■ **About this exercise**
If a line in the entries contains the string "open", include that line in your answer.

───

(* Let $l\in\{1,\dots,r\}$ and let $i=i(l)$ be the unique positive integer with $0\le \sum_{j=i}^nM_j-lp<M_i$. Then the $\mathrm{id}$-leading term of $I^{[l]}(z)$ equals $$(-1)^{\sum_{j=1}^iM_j}\,\frac{\Gamma_{\mathbb{F}_p}(M_i+1)\,\Gamma_{\mathbb{F}_p}\big(\sum_{j=i+1}^nM_j-(l-1)p+1\big)}{\Gamma_{\mathbb{F}_p}\big(\sum_{j=i}^nM_j-lp+1\big)}\Big(\frac{\sum_{j=i+1}^ne_j}{\sum_{j=i+1}^nM_j}-\frac{e_i}{M_i}\Big)\,z_1^{M_1}\cdots z_{i-1}^{M_{i-1}}z_i^{\sum_{j=i}^nM_j-lp}.$$
   Context: Let $p,q$ be primes and $n$ a positive integer with $p>n\ge2$, $p>q$. Fix positive integers $m_1,\dots,m_n<q$; $M_i$ is the least positive integer with $M_i\equiv -m_iq^{-1}\pmod p$ (so $1\le M_i\le p-1$), and in formulas over $\mathbb{F}_p$ denotes its residue. $e_1,\dots,e_n$ is the standard basis of $\mathbb{F}_p^n$. With $\Phi_p(x,z)=\prod_{i=1}^n(x-z_i)^{M_i}$, for a positive integer $l$, $I^{[l]}(z)\in\mathbb{F}_p[z_1,\dots,z_n]^n$ is the coefficient of $x^{lp-1}$ in $\big(\Phi_p/(x-z_1),\dots,\Phi_p/(x-z_n)\big)$. $r=\lfloor (M_1+\dots+M_n)/p\rfloor$. Monomials $z_1^{d_1}\cdots z_n^{d_n}$ are ordered lexicographically by exponent vectors $(d_1,\dots,d_n)$ (so $z_1>z_2>\dots>z_n$); the $\mathrm{id}$-leading term of a nonzero $f\in\mathbb{F}_p[z]^n$ is $a\,z^d$ where $z^d$ is the largest monomial occurring in $f$ with nonzero coefficient $a\in\mathbb{F}_p^n$. For an integer $1\le x\le p$, $\Gamma_{\mathbb{F}_p}(x)$ is the residue of $(-1)^{x-1}(x-1)!$. *)

theory Defs
  imports "HOL-Library.Poly_Mapping" "Berlekamp_Zassenhaus.Finite_Field"
begin

text \<open>Multivariate polynomials over a ring 'a in variables indexed by nat:
  variable 0 is x, variable i (1 \<le> i \<le> n) is z_i.\<close>

type_synonym 'a mpoly = "(nat \<Rightarrow>\<^sub>0 nat) \<Rightarrow>\<^sub>0 'a"

definition Var :: "nat \<Rightarrow> 'a::comm_ring_1 mpoly" where
  "Var j = Poly_Mapping.single (Poly_Mapping.single j 1) 1"

definition Mres :: "'p::prime_card itself \<Rightarrow> nat \<Rightarrow> nat \<Rightarrow> nat" where
  "Mres TYPE('p) q mi = (LEAST M::nat. 0 < M \<and>
      (of_nat M :: 'p mod_ring) = - of_nat mi / of_nat q)"

text \<open>Phi_p(x,z) / (x - z_k) = (x - z_k)^(M_k - 1) * prod_{i \<noteq> k} (x - z_i)^(M_i).\<close>
definition Phi_div :: "nat \<Rightarrow> (nat \<Rightarrow> nat) \<Rightarrow> nat \<Rightarrow> 'a::comm_ring_1 mpoly" where
  "Phi_div n M k = (Var 0 - Var k) ^ (M k - 1) *
      (\<Prod>i\<in>{1..n} - {k}. (Var 0 - Var i) ^ (M i))"

text \<open>I^[l]: component k (1 \<le> k \<le> n) evaluated at the z-monomial d (an exponent
  vector supported in {1..n}) gives the coefficient of x^(lp-1) z^d in Phi_p/(x - z_k).\<close>
definition Ivec :: "nat \<Rightarrow> (nat \<Rightarrow> nat) \<Rightarrow> nat \<Rightarrow> nat \<Rightarrow> nat \<Rightarrow> (nat \<Rightarrow>\<^sub>0 nat) \<Rightarrow> 'a::comm_ring_1" where
  "Ivec n M p l k d = Poly_Mapping.lookup (Phi_div n M k) (Poly_Mapping.single 0 (l * p - 1) + d)"

definition zmonom :: "nat \<Rightarrow> (nat \<Rightarrow>\<^sub>0 nat) \<Rightarrow> bool" where
  "zmonom n d \<longleftrightarrow> Poly_Mapping.keys d \<subseteq> {1..n}"

definition lex_less :: "nat \<Rightarrow> (nat \<Rightarrow>\<^sub>0 nat) \<Rightarrow> (nat \<Rightarrow>\<^sub>0 nat) \<Rightarrow> bool" where
  "lex_less n d d' \<longleftrightarrow> (\<exists>j\<in>{1..n}. (\<forall>i\<in>{1..<j}. Poly_Mapping.lookup d i = Poly_Mapping.lookup d' i) \<and> Poly_Mapping.lookup d j < Poly_Mapping.lookup d' j)"

text \<open>The id-leading term of the vector polynomial F (components k \<in> {1..n},
  F k d = coefficient of z^d in component k) is a z^D, a \<in> F^n.\<close>
definition id_leading_term :: "nat \<Rightarrow> (nat \<Rightarrow> (nat \<Rightarrow>\<^sub>0 nat) \<Rightarrow> 'a::zero) \<Rightarrow> (nat \<Rightarrow> 'a) \<Rightarrow> (nat \<Rightarrow>\<^sub>0 nat) \<Rightarrow> bool" where
  "id_leading_term n F a D \<longleftrightarrow>
     zmonom n D \<and> (\<exists>k\<in>{1..n}. a k \<noteq> 0) \<and> (\<forall>k\<in>{1..n}. F k D = a k) \<and>
     (\<forall>d. zmonom n d \<and> lex_less n D d \<longrightarrow> (\<forall>k\<in>{1..n}. F k d = 0))"

definition GammaF :: "nat \<Rightarrow> 'a::comm_ring_1" where
  "GammaF x = (-1) ^ (x - 1) * of_nat (fact (x - 1))"

end

theory Submission
  imports Defs "HOL-Number_Theory.Residues"
begin

(* By the binomial theorem, Phi_p/(x - z_k) = prod_j (x - z_j)^(E_j), with E = M except E_k = M_k - 1,
   has coefficient prod_j (-1)^(d_j) binom(E_j, d_j) at x^(lp-1) z^d when d <= E and |d| = |E| - (lp - 1),
   and 0 otherwise.  So every monomial in the support of I^[l] has d <= M and total degree |M| - lp, and
   the lexicographically largest such exponent is the greedy one z_1^(M_1) ... z_(i-1)^(M_(i-1)) z_i^s,
   s = M_i + ... + M_n - lp < M_i.  There the k-th coefficient vanishes for k < i and is
   (-1)^(M_1 + ... + M_(i-1) + s) times binom(M_i - 1, s) for k = i, resp. binom(M_i, s) for k > i.
   Wilson's theorem, in the reflection form Gamma(p - n) Gamma(n + 1) = (-1)^(n+1) over F_p, turns these
   binomials into the stated Gamma-quotient, using M_(i+1) + ... + M_n = -(M_i - s) in F_p. *)

lemma Var_power: "(Var j :: 'a::comm_ring_1 mpoly) ^ k = Poly_Mapping.single (Poly_Mapping.single j k) 1"
proof (induction k)
  case (Suc k)
  then show ?case by (simp add: Var_def mult_single flip: single_add)
qed simp

lemma single_zero_power: "Poly_Mapping.single 0 c ^ k = Poly_Mapping.single 0 (c ^ k)"
  by (induction k) (simp_all add: mult_single)

lemma minus_one_power_mpoly: "(- 1 :: 'a::comm_ring_1 mpoly) ^ k = Poly_Mapping.single 0 ((- 1) ^ k)"
  by (simp add: single_uminus flip: single_zero_power)

lemma Var_diff_power:
  "(Var x - Var j :: 'a::comm_ring_1 mpoly) ^ e =
   (\<Sum>a\<le>e. Poly_Mapping.single (Poly_Mapping.single x (e - a) + Poly_Mapping.single j a)
      ((- 1) ^ a * of_nat (e choose a)))"
proof -
  have "(Var x - Var j :: 'a mpoly) ^ e = (- Var j + Var x) ^ e"
    by (simp only: diff_conv_add_uminus add.commute)
  also have "\<dots> = (\<Sum>a\<le>e. of_nat (e choose a) * (- Var j) ^ a * Var x ^ (e - a))"
    by (rule binomial_ring)
  also have "\<dots> = (\<Sum>a\<le>e. Poly_Mapping.single (Poly_Mapping.single x (e - a) + Poly_Mapping.single j a)
      ((- 1) ^ a * of_nat (e choose a)))"
  proof (rule sum.cong[OF refl])
    fix a
    have "(of_nat (e choose a) :: 'a mpoly) = Poly_Mapping.single 0 (of_nat (e choose a))"
      by simp
    moreover have "(- Var j :: 'a mpoly) ^ a =
        Poly_Mapping.single 0 ((- 1) ^ a) * Poly_Mapping.single (Poly_Mapping.single j a) 1"
      by (subst power_minus) (simp only: minus_one_power_mpoly Var_power)
    ultimately show "of_nat (e choose a) * (- Var j :: 'a mpoly) ^ a * Var x ^ (e - a) =
      Poly_Mapping.single (Poly_Mapping.single x (e - a) + Poly_Mapping.single j a) ((- 1) ^ a * of_nat (e choose a))"
      by (simp only: Var_power mult_single mult.assoc) (simp add: add.commute mult.commute)
  qed
  finally show ?thesis .
qed

lemma prod_single:
  "finite J \<Longrightarrow> (\<Prod>j\<in>J. Poly_Mapping.single (k j) (c j :: 'a::comm_semiring_1))
     = Poly_Mapping.single (\<Sum>j\<in>J. k j) (\<Prod>j\<in>J. c j)"
  by (induction J rule: finite_induct) (simp_all add: mult_single)

lemma prod_Var_diff_power_eq_sum_PiE:
  fixes E :: "nat \<Rightarrow> nat"
  assumes "finite J"
  shows "(\<Prod>j\<in>J. (Var x - Var j) ^ E j :: 'a::comm_ring_1 mpoly) =
    (\<Sum>g\<in>PiE J (\<lambda>j. {..E j}).
      Poly_Mapping.single (\<Sum>j\<in>J. Poly_Mapping.single x (E j - g j) + Poly_Mapping.single j (g j))
        (\<Prod>j\<in>J. (- 1) ^ g j * of_nat (E j choose g j)))"
  unfolding Var_diff_power using assms by (simp add: prod_sum_PiE prod_single)

lemma lookup_sum_single_single:
  fixes E g :: "nat \<Rightarrow> nat"
  assumes "finite J" "x \<notin> J"
  shows "Poly_Mapping.lookup (\<Sum>j\<in>J. Poly_Mapping.single x (E j - g j) + Poly_Mapping.single j (g j)) y =
    (if y = x then \<Sum>j\<in>J. E j - g j else if y \<in> J then g y else 0)"
  using assms by (auto simp: lookup_sum lookup_add lookup_single when_def sum.distrib)

lemma sum_single_single_eq_iff:
  fixes E g :: "nat \<Rightarrow> nat"
  assumes J: "finite J" "x \<notin> J" and g: "g \<in> PiE J (\<lambda>j. {..E j})"
  shows "(\<Sum>j\<in>J. Poly_Mapping.single x (E j - g j) + Poly_Mapping.single j (g j)) = \<nu> \<longleftrightarrow>
    g = restrict (Poly_Mapping.lookup \<nu>) J \<and> Poly_Mapping.keys \<nu> \<subseteq> insert x J \<and>
    (\<forall>j\<in>J. Poly_Mapping.lookup \<nu> j \<le> E j) \<and> Poly_Mapping.lookup \<nu> x = (\<Sum>j\<in>J. E j - Poly_Mapping.lookup \<nu> j)"
    (is "?mon = \<nu> \<longleftrightarrow> ?rhs")
proof
  assume "?mon = \<nu>"
  then have \<nu>: "Poly_Mapping.lookup \<nu> y = (if y = x then \<Sum>j\<in>J. E j - g j else if y \<in> J then g y else 0)"
    for y
    using lookup_sum_single_single[OF J, of E g y] by simp
  show ?rhs
    using g J(2) by (auto simp: \<nu> in_keys_iff PiE_iff extensional_def split: if_splits intro!: sum.cong)
next
  assume ?rhs
  then show "?mon = \<nu>"
    using J by (intro poly_mapping_eqI) (auto simp: lookup_sum_single_single in_keys_iff intro!: sum.cong)
qed

lemma lookup_prod_Var_diff_power:
  fixes E :: "nat \<Rightarrow> nat"
  assumes J: "finite J" "x \<notin> J"
  shows "Poly_Mapping.lookup (\<Prod>j\<in>J. (Var x - Var j) ^ E j :: 'a::comm_ring_1 mpoly) \<nu> =
    (if Poly_Mapping.keys \<nu> \<subseteq> insert x J \<and> (\<forall>j\<in>J. Poly_Mapping.lookup \<nu> j \<le> E j) \<and>
        Poly_Mapping.lookup \<nu> x = (\<Sum>j\<in>J. E j - Poly_Mapping.lookup \<nu> j)
     then \<Prod>j\<in>J. (- 1) ^ Poly_Mapping.lookup \<nu> j * of_nat (E j choose Poly_Mapping.lookup \<nu> j)
     else 0)"
proof -
  define cond where "cond \<longleftrightarrow> Poly_Mapping.keys \<nu> \<subseteq> insert x J \<and>
    (\<forall>j\<in>J. Poly_Mapping.lookup \<nu> j \<le> E j) \<and>
    Poly_Mapping.lookup \<nu> x = (\<Sum>j\<in>J. E j - Poly_Mapping.lookup \<nu> j)"
  define c :: "(nat \<Rightarrow> nat) \<Rightarrow> 'a" where
    "c g = (\<Prod>j\<in>J. (- 1) ^ g j * of_nat (E j choose g j))" for g
  define G where "G = PiE J (\<lambda>j. {..E j})"
  define g0 where "g0 = restrict (Poly_Mapping.lookup \<nu>) J"
  have "Poly_Mapping.lookup (\<Prod>j\<in>J. (Var x - Var j) ^ E j :: 'a mpoly) \<nu> =
      (\<Sum>g\<in>G. if g = g0 \<and> cond then c g else 0)"
    unfolding prod_Var_diff_power_eq_sum_PiE[OF J(1)] using J
    by (auto simp: lookup_sum lookup_single when_def sum_single_single_eq_iff G_def g0_def cond_def c_def
        intro!: sum.cong)
  also have "\<dots> = (if cond then c g0 else 0)"
  proof (cases cond)
    case True
    then have "g0 \<in> G" by (auto simp: G_def g0_def cond_def)
    with True J(1) show ?thesis by (simp add: G_def sum.delta finite_PiE)
  next
    case False
    then show ?thesis by simp
  qed
  finally show ?thesis
    unfolding c_def g0_def cond_def by (auto intro!: prod.cong)
qed

lemma Phi_div_eq_prod:
  assumes "k \<in> {1..n}"
  shows "Phi_div n M k = (\<Prod>j\<in>{1..n}. (Var 0 - Var j) ^ (M(k := M k - 1)) j)"
proof -
  have "(\<Prod>j\<in>{1..n}. (Var 0 - Var j) ^ (M(k := M k - 1)) j) =
      (Var 0 - Var k) ^ (M k - 1) * (\<Prod>j\<in>{1..n} - {k}. (Var 0 - Var j) ^ (M(k := M k - 1)) j :: 'a::comm_ring_1 mpoly)"
    using assms by (simp add: prod.remove)
  also have "\<dots> = Phi_div n M k"
    unfolding Phi_div_def by (intro arg_cong2[where f = "(*)"] prod.cong) auto
  finally show ?thesis ..
qed

lemma Ivec_eq:
  assumes k: "k \<in> {1..n}" and d: "zmonom n d"
  shows "(Ivec n M p l k d :: 'a::comm_ring_1) =
    (if (\<forall>j\<in>{1..n}. Poly_Mapping.lookup d j \<le> (M(k := M k - 1)) j) \<and>
        l * p - 1 = (\<Sum>j\<in>{1..n}. (M(k := M k - 1)) j - Poly_Mapping.lookup d j)
     then \<Prod>j\<in>{1..n}. (- 1) ^ Poly_Mapping.lookup d j *
       of_nat ((M(k := M k - 1)) j choose Poly_Mapping.lookup d j)
     else 0)"
proof -
  define E where "E = M(k := M k - 1)"
  define \<nu> where "\<nu> = Poly_Mapping.single 0 (l * p - 1) + d"
  have d0: "Poly_Mapping.lookup d 0 = 0"
    using d by (auto simp: zmonom_def in_keys_iff)
  have \<nu>0: "Poly_Mapping.lookup \<nu> 0 = l * p - 1"
    by (simp add: \<nu>_def lookup_add d0)
  have \<nu>j: "Poly_Mapping.lookup \<nu> j = Poly_Mapping.lookup d j" if "j \<in> {1..n}" for j
    using that by (simp add: \<nu>_def lookup_add lookup_single)
  have "Poly_Mapping.keys \<nu> \<subseteq> insert 0 (Poly_Mapping.keys d)"
    using keys_add[of "Poly_Mapping.single 0 (l * p - 1)" d] by (auto simp: \<nu>_def split: if_splits)
  then have keys: "Poly_Mapping.keys \<nu> \<subseteq> insert 0 {1..n}"
    using d unfolding zmonom_def by blast
  have "(Ivec n M p l k d :: 'a) = Poly_Mapping.lookup (\<Prod>j\<in>{1..n}. (Var 0 - Var j) ^ E j :: 'a mpoly) \<nu>"
    unfolding Ivec_def \<nu>_def E_def Phi_div_eq_prod[OF k] ..
  also have "\<dots> = (if (\<forall>j\<in>{1..n}. Poly_Mapping.lookup \<nu> j \<le> E j) \<and>
        l * p - 1 = (\<Sum>j\<in>{1..n}. E j - Poly_Mapping.lookup \<nu> j)
     then \<Prod>j\<in>{1..n}. (- 1) ^ Poly_Mapping.lookup \<nu> j * of_nat (E j choose Poly_Mapping.lookup \<nu> j)
     else 0)"
    using keys by (simp add: lookup_prod_Var_diff_power \<nu>0)
  also have "\<dots> = (if (\<forall>j\<in>{1..n}. Poly_Mapping.lookup d j \<le> E j) \<and>
        l * p - 1 = (\<Sum>j\<in>{1..n}. E j - Poly_Mapping.lookup d j)
     then \<Prod>j\<in>{1..n}. (- 1) ^ Poly_Mapping.lookup d j * of_nat (E j choose Poly_Mapping.lookup d j)
     else 0)"
  proof -
    have "(\<forall>j\<in>{1..n}. Poly_Mapping.lookup \<nu> j \<le> E j) \<longleftrightarrow> (\<forall>j\<in>{1..n}. Poly_Mapping.lookup d j \<le> E j)"
      using \<nu>j by auto
    moreover have "(\<Sum>j\<in>{1..n}. E j - Poly_Mapping.lookup \<nu> j) = (\<Sum>j\<in>{1..n}. E j - Poly_Mapping.lookup d j)"
      using \<nu>j by (intro sum.cong) auto
    moreover have "(\<Prod>j\<in>{1..n}. (- 1) ^ Poly_Mapping.lookup \<nu> j * of_nat (E j choose Poly_Mapping.lookup \<nu> j)) =
        (\<Prod>j\<in>{1..n}. (- 1) ^ Poly_Mapping.lookup d j * (of_nat (E j choose Poly_Mapping.lookup d j) :: 'a))"
      using \<nu>j by (intro prod.cong) auto
    ultimately show ?thesis by (simp only:)
  qed
  finally show ?thesis unfolding E_def .
qed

───

■ **Result for this task**
text \<open>Multivariate polynomials over a ring 'a in variables indexed by nat:
text \<open>Phi_p(x,z) / (x - z_k) = (x - z_k)^(M_k - 1) * prod_{i \<noteq> k} (x - z_i)^(M_i).\<close>
text \<open>I^[l]: component k (1 \<le> k \<le> n) evaluated at the z-monomial d (an exponent
text \<open>The id-leading term of the vector polynomial F (components k \<in> {1..n},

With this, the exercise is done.